The validation dataset had an R-Squared of 0.52. The validation dataset residuals have many outliers compared the the training dataset residuals. In addition, there is a slight downward trend which suggests that a variable might be left out of the model.

y=train[['Pageviews']].values

x=np.column_stack((S_train,T_train))


A=x.T.dot(x)
b=x.T.dot(y)
z = np.linalg.solve(A,b)

SSE=np.sum((y-x.dot(z))**2)
print("SSE :",SSE)
print("Baseline: ",sum((y-np.mean(y))**2))


SSE=np.sum((y-x.dot(z))**2)
SST=sum((y-np.mean(y))**2)[0]
print("SSE: ",SSE)
print("SST: ",SST)
print("R^2: ",1-SSE/SST)


plt.plot(train['index'],y,'.')
plt.plot(train['index'],x.dot(z),'-')
plt.title("Seasonally predicted Values over time: Training")
plt.show()

plt.scatter(train['index'],y-x.dot(z))
plt.title("Residuals")
plt.show()


print(z)
print()


output=valid[['Pageviews']]
y=output.values


x=np.column_stack((S_valid,T_valid))

SSE=np.sum((y-x.dot(z))**2)
SST=sum((y-np.mean(y))**2)[0]

print("SSE: ",SSE)
print("SST: ",SST)
print("R^2: ",1-SSE/SST)
print("Baseline: ",sum((y-np.mean(y))**2)[0])

plt.plot(valid['index'],y,'.')
plt.plot(valid['index'],x.dot(z),'-')
plt.title("Seasonally predicted Values over time")
plt.show()
plt.scatter(valid['index'],y-x.dot(z))
plt.title("Residuals")
plt.show()

    SSE : 1910499966.56
    Baseline:  [  8.53079581e+09]
    SSE:  1910499966.56
    SST:  8530795814.65
    R^2:  0.776046689187

[[ 7.88822225e+03] [ -1.04772341e+01] [ 5.49537731e+01] [ -4.71633832e+01] [ -1.78556064e+01] [ 1.31883444e+03] [ -5.94631183e+18] [ -2.32539453e+03] [ 1.42930303e+03] [ -1.70801754e+03] [ 1.13000291e+03] [ -1.29585954e+00] [ 2.77521502e-02]]
    SSE:  1160469260.63
    SST:  2424981317.62
    R^2:  0.521452288231
    Baseline:  2424981317.62

Results

The regression model on the training dataset had an R-Squared value of 0.78 with 9 predictor variables.

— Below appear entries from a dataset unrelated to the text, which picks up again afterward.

(* (SEM-ME) Let $M$ be a canonical linear SEM-ME satisfying SEM-ME faithfulness part (a). Then there is a total order on the ancestral ordered groups of $M$ such that, for every model $M'$ in the AOG equivalence class of $M$, every edge of $M'$ between variables lying in two different ancestral ordered groups goes from the earlier group to the later group. (SEM-UR) The analogous statement holds for a linear SEM-UR $M$ satisfying SEM-UR faithfulness part (a) and any $M'$ in its AOG equivalence class.
   Context: Linear SEM-ME (canonical form): underlying variables $V_1,\dots,V_p$ partitioned into unobserved $\mathcal Z$ and observed $\mathcal Y$, $V_i=\sum_{V_j\in Pa(V_i)}c_{ij}V_j+N_{V_i}$ over a DAG (edge $V_j\to V_i$ iff $c_{ij}\ne0$), measurements $U_i=Z_i+N_{U_i}$, independent noises. A u-leaf node is a $Z$-variable with no children; all others are nu-leaf nodes; in canonical form u-leaf nodes have zero noise and nu-leaf nodes nondegenerate noise. Since observedness of non-leaf variables does not affect the mixing matrix, a model is specified by its weighted DAG on the underlying variables and its set of u-leaf nodes. The mixing matrix $\mathbf W^{ME}$ has rows indexed by underlying variables, columns by noise terms $N_{V'}$ of nu-leaf nodes, $(V,N_{V'})$ entry = total causal effect of $V'$ on $V$ (sum over directed paths of products of weights; $1$ if $V=V'$). Linear SEM-UR: $H=N_H$, $X=\mathbf BH+\mathbf AX+N_X$ with $\mathbf A$ strictly lower triangular, independent noises; diagram has edges $H_i\to X_j$ iff $b_{ji}\neq0$ and $X_k\to X_j$ iff $a_{jk}\ne 0$; mixing matrix $\mathbf W^{UR}=[(\mathbf I-\mathbf A)^{-1}\mathbf B\;\;(\mathbf I-\mathbf A)^{-1}]$ with rows indexed by observed variables and columns by noise terms. $Pa,Ch,An,De$ denote parents, children, ancestors, descendants, with $An(V),De(V)$ excluding $V$. Faithfulness part (a): SEM-ME: the total causal effect of any underlying variable on any of its descendants is nonzero. SEM-UR: the total causal effect of any observed or latent variable on any of its descendants is nonzero. Ancestral ordered grouping (AOG). SEM-ME: each nu-leaf node is put in its own group; each u-leaf node $Z_j$ is put in the group of a parent $V_i$ if $Z_j$ has no other parents or all other parents of $Z_j$ are ancestors of $V_i$; otherwise $Z_j$ forms a singleton group. SEM-UR: each observed variable is put in its own group; each latent $H_j$ is put in the group of a child $X_i$ if $H_j$ has no other children or all other children of $H_j$ are descendants of $X_i$; otherwise $H_j$ forms a singleton group. AOG equivalence class of $M$: SEM-ME: the set of canonical SEM-ME models on the same underlying variables whose mixing matrix equals that of $M$ up to permutation and nonzero scaling of columns (rows matched by variable) and whose AOG is the same partition. SEM-UR: the set of SEM-UR models on the same observed variables with the same number of latent variables whose mixing matrix equals that of $M$ up to permutation and nonzero scaling of columns and whose AOG coincides with that of $M$ (up to relabeling latent variables). *)

theory Defs
  imports Complex_Main
begin

text \<open>A weighted graph on node set V is given by w, where w y x is the weight of the
  edge x -> y (the edge exists iff w y x is nonzero).\<close>

definition edge_rel :: "'v set \<Rightarrow> ('v \<Rightarrow> 'v \<Rightarrow> real) \<Rightarrow> ('v \<times> 'v) set" where
  "edge_rel V w = {(x, y). x \<in> V \<and> y \<in> V \<and> w y x \<noteq> 0}"

definition parents :: "'v set \<Rightarrow> ('v \<Rightarrow> 'v \<Rightarrow> real) \<Rightarrow> 'v \<Rightarrow> 'v set" where
  "parents V w x = {y. (y, x) \<in> edge_rel V w}"

definition children :: "'v set \<Rightarrow> ('v \<Rightarrow> 'v \<Rightarrow> real) \<Rightarrow> 'v \<Rightarrow> 'v set" where
  "children V w x = {y. (x, y) \<in> edge_rel V w}"

definition ancestors :: "'v set \<Rightarrow> ('v \<Rightarrow> 'v \<Rightarrow> real) \<Rightarrow> 'v \<Rightarrow> 'v set" where
  "ancestors V w x = {y. (y, x) \<in> (edge_rel V w)\<^sup>+}"

definition descendants :: "'v set \<Rightarrow> ('v \<Rightarrow> 'v \<Rightarrow> real) \<Rightarrow> 'v \<Rightarrow> 'v set" where
  "descendants V w x = {y. (x, y) \<in> (edge_rel V w)\<^sup>+}"

text \<open>Directed path from a to b, as the list of its nodes (in a DAG every directed path
  is simple, so distinctness is no restriction).\<close>
definition is_dpath :: "'v set \<Rightarrow> ('v \<Rightarrow> 'v \<Rightarrow> real) \<Rightarrow> 'v \<Rightarrow> 'v \<Rightarrow> 'v list \<Rightarrow> bool" where
  "is_dpath V w a b xs \<longleftrightarrow> xs \<noteq> [] \<and> hd xs = a \<and> last xs = b \<and> set xs \<subseteq> V \<and> distinct xs \<and>
     (\<forall>k. Suc k < length xs \<longrightarrow> w (xs ! Suc k) (xs ! k) \<noteq> 0)"

definition path_weight :: "('v \<Rightarrow> 'v \<Rightarrow> real) \<Rightarrow> 'v list \<Rightarrow> real" where
  "path_weight w xs = (\<Prod>k < length xs - 1. w (xs ! Suc k) (xs ! k))"

definition total_effect :: "'v set \<Rightarrow> ('v \<Rightarrow> 'v \<Rightarrow> real) \<Rightarrow> 'v \<Rightarrow> 'v \<Rightarrow> real" where
  "total_effect V w a b = (\<Sum>xs \<in> {xs. is_dpath V w a b xs}. path_weight w xs)"

text \<open>Underlying variables V_0, ..., V_(p-1) are the naturals below p; c i j is the weight
  c_ij of the edge V_j -> V_i; U is the set of u-leaf nodes.\<close>

definition me_nodes :: "nat \<Rightarrow> nat set" where
  "me_nodes p = {..<p}"

definition sem_me :: "nat \<Rightarrow> (nat \<Rightarrow> nat \<Rightarrow> real) \<Rightarrow> nat set \<Rightarrow> bool" where
  "sem_me p c U \<longleftrightarrow>
     (\<forall>i j. c i j \<noteq> 0 \<longrightarrow> i < p \<and> j < p) \<and>
     acyclic (edge_rel (me_nodes p) c) \<and>
     U \<subseteq> me_nodes p \<and>
     (\<forall>u \<in> U. children (me_nodes p) c u = {})"

definition me_faithful_a :: "nat \<Rightarrow> (nat \<Rightarrow> nat \<Rightarrow> real) \<Rightarrow> bool" where
  "me_faithful_a p c \<longleftrightarrow>
     (\<forall>a \<in> me_nodes p. \<forall>b \<in> descendants (me_nodes p) c a. total_effect (me_nodes p) c a b \<noteq> 0)"

text \<open>Mixing matrix: row V, column N_V' (V' a nu-leaf node).\<close>
definition me_cols :: "nat \<Rightarrow> nat set \<Rightarrow> nat set" where
  "me_cols p U = me_nodes p - U"

definition me_mix :: "nat \<Rightarrow> (nat \<Rightarrow> nat \<Rightarrow> real) \<Rightarrow> nat \<Rightarrow> nat \<Rightarrow> real" where
  "me_mix p c v v' = total_effect (me_nodes p) c v' v"

definition me_mix_equiv ::
  "nat \<Rightarrow> (nat \<Rightarrow> nat \<Rightarrow> real) \<Rightarrow> nat set \<Rightarrow> (nat \<Rightarrow> nat \<Rightarrow> real) \<Rightarrow> nat set \<Rightarrow> bool" where
  "me_mix_equiv p c U c' U' \<longleftrightarrow>
     (\<exists>\<sigma> (sc :: nat \<Rightarrow> real). bij_betw \<sigma> (me_cols p U) (me_cols p U') \<and>
        (\<forall>k \<in> me_cols p U. sc k \<noteq> 0 \<and>
           (\<forall>v \<in> me_nodes p. me_mix p c' v (\<sigma> k) = sc k * me_mix p c v k)))"
section \<open>Perturbing a simple parabolic point\<close>

lemma pc_displacement_two_small_roots:
  assumes "d \<ge> 2" "simple_parabolic d c0 k z0" "c \<longlonglongrightarrow> c0"
  obtains r1 r2 \<delta> m L U K where "r1 \<longlonglongrightarrow> 0" "r2 \<longlonglongrightarrow> 0" "\<delta> > 0" "m > 0" "L \<ge> 0"
    "\<And>n. pc_displacement_poly d (c n) z0 k = [:-r1 n, 1:] * [:-r2 n, 1:] * U n"
    "eventually (\<lambda>n. \<forall>w. norm w \<le> \<delta> \<longrightarrow> m \<le> norm (poly (U n) w)) sequentially"
    "eventually (\<lambda>n. \<forall>w. norm w \<le> \<delta> \<longrightarrow> norm (poly (U n) w) \<le> K) sequentially"
    "eventually (\<lambda>n. \<forall>w w'. norm w \<le> \<delta> \<longrightarrow> norm w' \<le> \<delta> \<longrightarrow>
       norm (poly (U n) w - poly (U n) w') \<le> L * norm (w - w')) sequentially"
proof -
  have "k > 0" using assms(2) by (simp add: simple_parabolic_def parabolic_def has_period_def)
  define G where "G n = pc_displacement_poly d (c n) z0 k" for n
  define g where "g = coeff (pc_displacement_poly d c0 z0 k)"
  obtain a where "a \<noteq> 0" "g 0 = 0" "g 1 = 0" "g 2 = a"
    using simple_parabolic_displacement_coeffs[OF assms(2)] unfolding g_def by metis
  have lc: "\<And>n. lead_coeff (G n) = 1" and deg_G: "\<And>n. degree (G n) = d ^ (2 * k)"
    using monic_pc_displacement_poly[OF assms(1) \<open>k > 0\<close>] unfolding G_def by blast+
  have "d \<le> d ^ (2 * k)" using assms(1) \<open>k > 0\<close> by (intro self_le_power) auto
  hence N2: "2 \<le> d ^ (2 * k)" using assms(1) by linarith
  have GT: "coeffs_tendsto G g"
    unfolding G_def g_def by (rule coeffs_tendsto_pc_displacement_poly[OF assms(3)])
  from monic_polys_split_two_vanishing_roots[of G "d ^ (2 * k)" g, OF lc deg_G N2 GT \<open>g 0 = 0\<close> \<open>g 1 = 0\<close>]
  obtain r1 r2 U where r: "r1 \<longlonglongrightarrow> 0" "r2 \<longlonglongrightarrow> 0"
    and U: "coeffs_tendsto U (\<lambda>i. g (Suc (Suc i)))"
    and fac: "\<And>n. G n = [:-r1 n, 1:] * [:-r2 n, 1:] * U n" and deg: "\<And>n. degree (U n) < d ^ (2 * k)"
    by blast
  have "g (Suc (Suc 0)) \<noteq> 0" using \<open>g 2 = a\<close> \<open>a \<noteq> 0\<close> by (simp add: numeral_2_eq_2)
  with eventually_poly_bounds_near_0[OF deg U]
  obtain \<delta> L K where "\<delta> > 0" "L \<ge> 0"
    and lower: "eventually (\<lambda>n. \<forall>w. norm w \<le> \<delta> \<longrightarrow> norm (g (Suc (Suc 0))) / 2 \<le> norm (poly (U n) w)) sequentially"
    and upper: "eventually (\<lambda>n. \<forall>w. norm w \<le> \<delta> \<longrightarrow> norm (poly (U n) w) \<le> K) sequentially"
    and lip: "eventually (\<lambda>n. \<forall>w w'. norm w \<le> \<delta> \<longrightarrow> norm w' \<le> \<delta> \<longrightarrow>
       norm (poly (U n) w - poly (U n) w') \<le> L * norm (w - w')) sequentially"
    by blast
  moreover have "norm (g (Suc (Suc 0))) / 2 > 0" using \<open>g (Suc (Suc 0)) \<noteq> 0\<close> by simp
  ultimately show ?thesis
    using that[OF r \<open>\<delta> > 0\<close> _ \<open>L \<ge> 0\<close> fac[unfolded G_def]] by blast
qed

lemma mult2_eq_if_displacement_factors:
  assumes "pc_displacement_poly d c z0 k = [:-r1, 1:] * [:-r2, 1:] * U"
  shows "mult2 d c k (z0 + r1) = 1 + (r1 - r2) * poly U r1"
  using mult2_eq_1_plus_pderiv_displacement[of d c k z0 r1]
  unfolding assms pderiv_two_linear_factors_at_root .

lemma pc_fixed_pair_if_displacement_factors:
  assumes fac: "pc_displacement_poly d c z0 k = [:-r1, 1:] * [:-r2, 1:] * U"
    and "norm r1 \<le> \<delta>" "norm r2 \<le> \<delta>" "m > 0" "L / m\<^sup>2 < M"
    and lower: "\<forall>w. norm w \<le> \<delta> \<longrightarrow> m \<le> norm (poly U w)"
    and lip: "\<forall>w w'. norm w \<le> \<delta> \<longrightarrow> norm w' \<le> \<delta> \<longrightarrow> norm (poly U w - poly U w') \<le> L * norm (w - w')"
  shows "pc_fixed_pair d c k (ball z0 \<delta>) M (z0 + r1) (z0 + r2)"
proof -
  have disp: "(pc d c ^^ (2 * k)) (z0 + w) - (z0 + w) = (w - r1) * (w - r2) * poly U w" for w
    using poly_pc_displacement_poly[of d c z0 k w] by (simp add: fac algebra_simps)
  have U_nz: "poly U w \<noteq> 0" if "norm w \<le> \<delta>" for w
    using lower that \<open>m > 0\<close> by (metis norm_zero not_le)
  have fixed: "(pc d c ^^ (2 * k)) (z0 + r1) = z0 + r1" "(pc d c ^^ (2 * k)) (z0 + r2) = z0 + r2"
    using disp[of r1] disp[of r2] by simp_all
  have uniq: "v = z0 + r1 \<or> v = z0 + r2" if "v \<in> ball z0 \<delta>" "(pc d c ^^ (2 * k)) v = v" for v
  proof -
    have "norm (v - z0) \<le> \<delta>" using that(1) by (simp add: dist_norm norm_minus_commute)
    moreover have "(v - z0 - r1) * (v - z0 - r2) * poly U (v - z0) = 0"
      using disp[of "v - z0"] that(2) by simp
    ultimately show ?thesis using U_nz by auto
  qed
  have \<rho>1: "mult2 d c k (z0 + r1) = 1 + (r1 - r2) * poly U r1"
    by (rule mult2_eq_if_displacement_factors[OF fac])
  have "pc_displacement_poly d c z0 k = [:-r2, 1:] * [:-r1, 1:] * U" by (simp add: fac mult_ac)
  hence \<rho>2: "mult2 d c k (z0 + r2) = 1 + (r2 - r1) * poly U r2"
    by (rule mult2_eq_if_displacement_factors)
  have merged: "mult2 d c k (z0 + r1) = 1" if "z0 + r1 = z0 + r2" using \<rho>1 that by simp
  have split: "mult2 d c k (z0 + r1) \<noteq> 1 \<and> mult2 d c k (z0 + r2) \<noteq> 1 \<and>
      norm (1 / (1 - mult2 d c k (z0 + r1)) + 1 / (1 - mult2 d c k (z0 + r2))) < M"
    if "z0 + r1 \<noteq> z0 + r2"
  proof (intro conjI)
    have "r1 \<noteq> r2" using that by simp
    show "mult2 d c k (z0 + r1) \<noteq> 1" "mult2 d c k (z0 + r2) \<noteq> 1"
      using \<rho>1 \<rho>2 U_nz assms(2,3) \<open>r1 \<noteq> r2\<close> by auto
    have "norm (1 / ((r2 - r1) * poly U r1) + 1 / (- (r2 - r1) * poly U r2)) \<le> L / m\<^sup>2"
      using lower lip assms(2-4) \<open>r1 \<noteq> r2\<close>
      by (intro norm_inverse_add_inverse_le) (auto simp: norm_minus_commute)
    moreover have "1 - mult2 d c k (z0 + r1) = (r2 - r1) * poly U r1"
      "1 - mult2 d c k (z0 + r2) = - (r2 - r1) * poly U r2"
      using \<rho>1 \<rho>2 by (simp_all add: algebra_simps)
    ultimately show "norm (1 / (1 - mult2 d c k (z0 + r1)) + 1 / (1 - mult2 d c k (z0 + r2))) < M"
      using assms(5) by simp
  qed
  show ?thesis
    unfolding pc_fixed_pair_def using fixed uniq merged split by blast
qed

lemma mult2_tendsto_1_if_displacement_factors:
  assumes fac: "\<And>n. pc_displacement_poly d (c n) z0 k = [:-r1 n, 1:] * [:-r2 n, 1:] * U n"
    and r: "r1 \<longlonglongrightarrow> 0" "r2 \<longlonglongrightarrow> 0" and bound: "eventually (\<lambda>n. norm (poly (U n) (r1 n)) \<le> K) sequentially"
  shows "(\<lambda>n. mult2 d (c n) k (z0 + r1 n)) \<longlonglongrightarrow> 1"
proof -
  have "(\<lambda>n. (r1 n - r2 n) * poly (U n) (r1 n)) \<longlonglongrightarrow> 0"
  proof (rule Lim_null_comparison)
    show "eventually (\<lambda>n. norm ((r1 n - r2 n) * poly (U n) (r1 n)) \<le> norm (r1 n - r2 n) * K) sequentially"
      using bound by eventually_elim (simp add: norm_mult mult_left_mono)
    show "(\<lambda>n. norm (r1 n - r2 n) * K) \<longlonglongrightarrow> 0"
      using tendsto_mult_left_zero[OF tendsto_norm_zero[OF tendsto_diff[OF r, simplified]]] by simp
  qed
  hence "(\<lambda>n. 1 + (r1 n - r2 n) * poly (U n) (r1 n)) \<longlonglongrightarrow> 1"
    using tendsto_add[OF tendsto_const, of _ 0 sequentially 1] by simp
  moreover have "mult2 d (c n) k (z0 + r1 n) = 1 + (r1 n - r2 n) * poly (U n) (r1 n)" for n
    by (rule mult2_eq_if_displacement_factors[OF fac])
  ultimately show ?thesis by simp
qed

lemma pc_displacement_fixed_pairs:
  assumes "d \<ge> 2" "simple_parabolic d c0 k z0" "c \<longlonglongrightarrow> c0"
  obtains r1 r2 \<delta> M where "r1 \<longlonglongrightarrow> 0" "r2 \<longlonglongrightarrow> 0" "\<delta> > 0" "M > 0"
    "eventually (\<lambda>n. pc_fixed_pair d (c n) k (ball z0 \<delta>) M (z0 + r1 n) (z0 + r2 n)) sequentially"
    "(\<lambda>n. mult2 d (c n) k (z0 + r1 n)) \<longlonglongrightarrow> 1" "(\<lambda>n. mult2 d (c n) k (z0 + r2 n)) \<longlonglongrightarrow> 1"
proof -
  obtain r1 r2 \<delta> m L U K where r: "r1 \<longlonglongrightarrow> 0" "r2 \<longlonglongrightarrow> 0" and "\<delta> > 0" "m > 0" "L \<ge> 0"
    and fac: "\<And>n. pc_displacement_poly d (c n) z0 k = [:-r1 n, 1:] * [:-r2 n, 1:] * U n"
    and lower: "eventually (\<lambda>n. \<forall>w. norm w \<le> \<delta> \<longrightarrow> m \<le> norm (poly (U n) w)) sequentially"
    and upper: "eventually (\<lambda>n. \<forall>w. norm w \<le> \<delta> \<longrightarrow> norm (poly (U n) w) \<le> K) sequentially"
    and lip: "eventually (\<lambda>n. \<forall>w w'. norm w \<le> \<delta> \<longrightarrow> norm w' \<le> \<delta> \<longrightarrow>
       norm (poly (U n) w - poly (U n) w') \<le> L * norm (w - w')) sequentially"
    using pc_displacement_two_small_roots[OF assms] by blast
  define M where "M = L / m\<^sup>2 + 1"
  have "M > 0" using \<open>L \<ge> 0\<close> by (simp add: M_def add_nonneg_pos)
  have "eventually (\<lambda>n. norm (r1 n) < \<delta>) sequentially" "eventually (\<lambda>n. norm (r2 n) < \<delta>) sequentially"
    using order_tendstoD(2)[OF tendsto_norm_zero[OF r(1)] \<open>\<delta> > 0\<close>]
      order_tendstoD(2)[OF tendsto_norm_zero[OF r(2)] \<open>\<delta> > 0\<close>] by simp_all
  hence inside: "eventually (\<lambda>n. norm (r1 n) \<le> \<delta>) sequentially"
    "eventually (\<lambda>n. norm (r2 n) \<le> \<delta>) sequentially"
    by (auto elim: eventually_mono)
  have "eventually (\<lambda>n. pc_fixed_pair d (c n) k (ball z0 \<delta>) M (z0 + r1 n) (z0 + r2 n)) sequentially"
    using inside lower lip
  proof eventually_elim
    case (elim n)
    show ?case
      by (rule pc_fixed_pair_if_displacement_factors[OF fac elim(1,2) \<open>m > 0\<close> _ elim(3,4)])
         (simp add: M_def)
  qed
  moreover have "(\<lambda>n. mult2 d (c n) k (z0 + r1 n)) \<longlonglongrightarrow> 1"
  proof (rule mult2_tendsto_1_if_displacement_factors[OF fac r])
    show "eventually (\<lambda>n. norm (poly (U n) (r1 n)) \<le> K) sequentially"
      using inside(1) upper by eventually_elim blast
  qed
  moreover have "(\<lambda>n. mult2 d (c n) k (z0 + r2 n)) \<longlonglongrightarrow> 1"
  proof (rule mult2_tendsto_1_if_displacement_factors[OF _ r(2,1)])
    show "pc_displacement_poly d (c n) z0 k = [:-r2 n, 1:] * [:-r1 n, 1:] * U n" for n
      by (simp add: fac mult_ac)
    show "eventually (\<lambda>n. norm (poly (U n) (r2 n)) \<le> K) sequentially"
      using inside(2) upper by eventually_elim blast
  qed
  ultimately show ?thesis by (rule that[OF r \<open>\<delta> > 0\<close> \<open>M > 0\<close>])
qed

The residual are evenly distributed around zero with a two large outliers.

The validation dataset had an R-Squared of 0.52. The validation dataset residuals have many outliers compared the the training dataset residuals. In addition, there is a slight downward trend which suggests that a variable might be left out of the model.

The results are almost (if not) exactly the same, so which method to choose?

Dummy coding can be automated, but its not always easy to type every variable to include in a linear model. In addition, it requires some inpection and trail and error to find the seasonal variable. The advantage of dummy coding is that each level is accounted for and it relatively easy to compare levels.

Signal processing can be used to create seasonal components almost automatically, but it is more computational expensive to calculate. In addition, it is not clear from the coefficients what the seasonal components are. The advantage is that there can be more predictive variables in the model, and the number of sinusodial components can be increased or decreased by adjusting the threshold or bandwith.